**TASK GOAL**
In the data below, find each line containing the string "thesis" and return it.

[Records drawn from a dataset]
*** Begin section ***

(* Let $q=1-p=o\!\left(\frac{1}{n^{1.5}}\right)$. Then for all sufficiently large $n\in\mathbb{N}$ we have $u_2(n,p)=u_2'(n,p)=3$.
   Context: $G(n,p)$ is the Erdős–Rényi random graph on $n$ labelled vertices (vertex set $V$), each edge present independently with probability $p=p(n)$; $\mathbb{P}_{n,p}$ is the corresponding probability and $q=1-p$. A diameter graph in $\mathbb{R}^d$ is a graph $(V,E)$ with $V\subset\mathbb{R}^d$ finite and $E=\{\{\mathbf{x},\mathbf{y}\}\subseteq V: |\mathbf{x}-\mathbf{y}|=\operatorname{diam}V\}$, where $\operatorname{diam}V=\max_{\mathbf{x},\mathbf{y}\in V}|\mathbf{x}-\mathbf{y}|$ (Euclidean norm); a graph is a diameter graph in $\mathbb{R}^d$ if it is isomorphic to one. $u_d(n,p)$ is the largest positive integer $k$ such that $\mathbb{P}_{n,p}\big(\exists W\subseteq V,\ |W|=k,\ G[W]$ is a diameter graph in $\mathbb{R}^d$ and $\chi(G[W])=d+1\big)>\frac12$, where $G[W]$ is the induced subgraph; if no such $k$ exists, $u_d(n,p)=0$. $u_d'(n,p)$ is defined identically with the additional requirement that $G[W]$ be connected. *)

theory Defs
  imports Complex_Main "HOL-Library.Landau_Symbols"
begin

text \<open>Points of R^d are represented as functions nat => real, of which only the
  coordinates 0..d-1 are relevant.  Euclidean distance in R^d:\<close>
definition edist :: "nat \<Rightarrow> (nat \<Rightarrow> real) \<Rightarrow> (nat \<Rightarrow> real) \<Rightarrow> real" where
  "edist d x y = sqrt (\<Sum>i<d. (x i - y i)^2)"

text \<open>Graphs on vertex set W with edge set E (a set of 2-element subsets of W).
  (W,E) is a diameter graph in R^d iff it is isomorphic to one: there is an injective
  placement f of W into R^d such that the edges are exactly the pairs at distance diam.\<close>
definition is_diameter_graph :: "nat \<Rightarrow> 'v set \<Rightarrow> 'v set set \<Rightarrow> bool" where
  "is_diameter_graph d W E \<longleftrightarrow>
     (\<exists>f :: 'v \<Rightarrow> (nat \<Rightarrow> real).
        (\<forall>x\<in>W. \<forall>y\<in>W. x \<noteq> y \<longrightarrow> edist d (f x) (f y) > 0) \<and>
        (let D = Max {edist d (f x) (f y) | x y. x \<in> W \<and> y \<in> W} in
         \<forall>e. e \<in> E \<longleftrightarrow> (\<exists>x\<in>W. \<exists>y\<in>W. x \<noteq> y \<and> e = {x, y} \<and> edist d (f x) (f y) = D)))"

definition chromatic_number :: "'v set \<Rightarrow> 'v set set \<Rightarrow> nat" where
  "chromatic_number W E =
     (LEAST k. \<exists>c :: 'v \<Rightarrow> nat. (\<forall>x\<in>W. c x < k) \<and>
                 (\<forall>x\<in>W. \<forall>y\<in>W. x \<noteq> y \<longrightarrow> {x, y} \<in> E \<longrightarrow> c x \<noteq> c y))"

definition graph_connected :: "'v set \<Rightarrow> 'v set set \<Rightarrow> bool" where
  "graph_connected W E \<longleftrightarrow>
     (\<forall>x\<in>W. \<forall>y\<in>W. (\<lambda>a b. a \<in> W \<and> b \<in> W \<and> a \<noteq> b \<and> {a, b} \<in> E)\<^sup>*\<^sup>* x y)"

definition induced_edges :: "'v set set \<Rightarrow> 'v set \<Rightarrow> 'v set set" where
  "induced_edges E W = {e \<in> E. e \<subseteq> W}"

definition all_edges :: "nat \<Rightarrow> nat set set" where
  "all_edges n = {{i, j} | i j. i < j \<and> j < n}"

definition prob_Gnp :: "nat \<Rightarrow> real \<Rightarrow> (nat set set \<Rightarrow> bool) \<Rightarrow> real" where
  "prob_Gnp n p P =
     (\<Sum>E\<in>Pow (all_edges n).
        if P E then p ^ card E * (1 - p) ^ (card (all_edges n) - card E) else 0)"
lemma mod_16_obstruction:
  fixes P s a b :: int
  assumes "odd s" and "odd a" and "odd b" and P_mod_8: "P mod 8 = 3"
  shows "2 * s^2 - 2 * P * a^2 * b^2 \<noteq> P^2 * b^4 - a^4"
proof
  have cong_8: "[x^2 = 1] (mod 8)" if "odd x" for x :: int
    using odd_square_mod_8[OF that] by (simp add: cong_def)
  have cong_16: "[x^4 = 1] (mod 16)" if "odd x" for x :: int
    using odd_power_4_mod_16[OF that] by (simp add: cong_def)
  have "[2 * s^2 = 2 * 1] (mod 2 * 8)"
    using cong_8[OF assms(1)] by (rule cong_cmult_leftI)
  moreover have "[2 * (P * (a * b)^2) = 2 * (P * 1)] (mod 2 * 8)"
    using assms(2,3) by (intro cong_cmult_leftI cong_scalar_left cong_8) simp
  ultimately have "[2 * s^2 - 2 * (P * (a * b)^2) = 2 - 2 * P] (mod 16)"
    by (simp add: cong_diff)
  moreover assume "2 * s^2 - 2 * P * a^2 * b^2 = P^2 * b^4 - a^4"
  moreover have "[P^2 * b^4 - a^4 = P^2 * 1 - 1] (mod 16)"
    using assms(2,3) by (intro cong_diff cong_scalar_left cong_16)
  ultimately have "[2 - 2 * P = P^2 - 1] (mod 16)"
    by (simp add: power_mult_distrib mult.assoc cong_sym_eq) (meson cong_sym cong_trans)
  then have dvd: "16 dvd (2 - 2 * P) - (P^2 - 1)" by (simp add: cong_iff_dvd_diff)
  obtain j where "P = 8 * j + 3"
    using P_mod_8 by (metis mod_div_mult_eq add.commute mult.commute)
  then have "(2 - 2 * P) - (P^2 - 1) = - (16 * (4 * j^2 + 4 * j) + 12)" by Groebner_Basis.algebra
  with dvd have "16 dvd 16 * (4 * j^2 + 4 * j) + 12" by (simp only: dvd_minus_iff)
  then have "(16::int) dvd 12" by (metis dvd_add_right_iff dvd_triv_left)
  then show False by simp
qed
lemma open_bowen_dist_less: "N \<ge> 1 \<Longrightarrow> open {z. bowen_dist T N x z < r}"
proof -
  assume "N \<ge> 1"
  then have "{z. bowen_dist T N x z < r} = (\<Inter>n<N. (T ^^ n) -` ball ((T ^^ n) x) r)"
    unfolding bowen_dist_def by (subst Max_less_iff) (auto simp: lessThan_empty_iff)
  also have "open \<dots>"
    by (intro open_INT finite_lessThan ballI open_vimage open_ball continuous_on_funpow continuous_T)
  finally show ?thesis .
qed

lemma bowen_cover_UNIV:
  assumes "N \<ge> 1" "\<epsilon> > 0"
  obtains F where "bowen_cover T N \<epsilon> F" "UNIV \<subseteq> \<Union>F"
proof -
  define C where "C = range (\<lambda>x. {z. bowen_dist T N x z < \<epsilon> / 3})"
  have "x \<in> {z. bowen_dist T N x z < \<epsilon> / 3}" for x using bowen_dist_self[OF assms(1), of T x] assms(2) by simp
  then have "UNIV \<subseteq> \<Union>C" unfolding C_def by blast
  moreover have open_C: "\<And>U. U \<in> C \<Longrightarrow> open U" unfolding C_def using open_bowen_dist_less[OF assms(1)] by blast
  ultimately obtain F where F: "F \<subseteq> C" "finite F" "UNIV \<subseteq> \<Union>F" using compactE[OF compact_UNIV] by metis
  have "bowen_diam T N U < \<epsilon>" if "U \<in> C" for U
  proof -
    obtain x where U: "U = {z. bowen_dist T N x z < \<epsilon> / 3}" using \<open>U \<in> C\<close> unfolding C_def by auto
    have "bowen_diam T N U \<le> 2 * \<epsilon> / 3"
    proof (rule bowen_diam_le)
      fix y z assume "y \<in> U" "z \<in> U"
      then have "bowen_dist T N y x < \<epsilon> / 3" "bowen_dist T N x z < \<epsilon> / 3"
        using U bowen_dist_commute[of T N x y] by auto
      then show "bowen_dist T N y z \<le> 2 * \<epsilon> / 3"
        using bowen_dist_triangle[OF assms(1), of T y z x] by linarith
    qed (use assms(2) in auto)
    then show ?thesis using assms(2) by linarith
  qed
  with F open_C show ?thesis by (intro that[of F]) (auto simp: bowen_cover_def)
qed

*** End section ***

**EXERCISE SOLUTION**
  finally show ?thesis .
    then show ?thesis using assms(2) by linarith
  with F open_C show ?thesis by (intro that[of F]) (auto simp: bowen_cover_def)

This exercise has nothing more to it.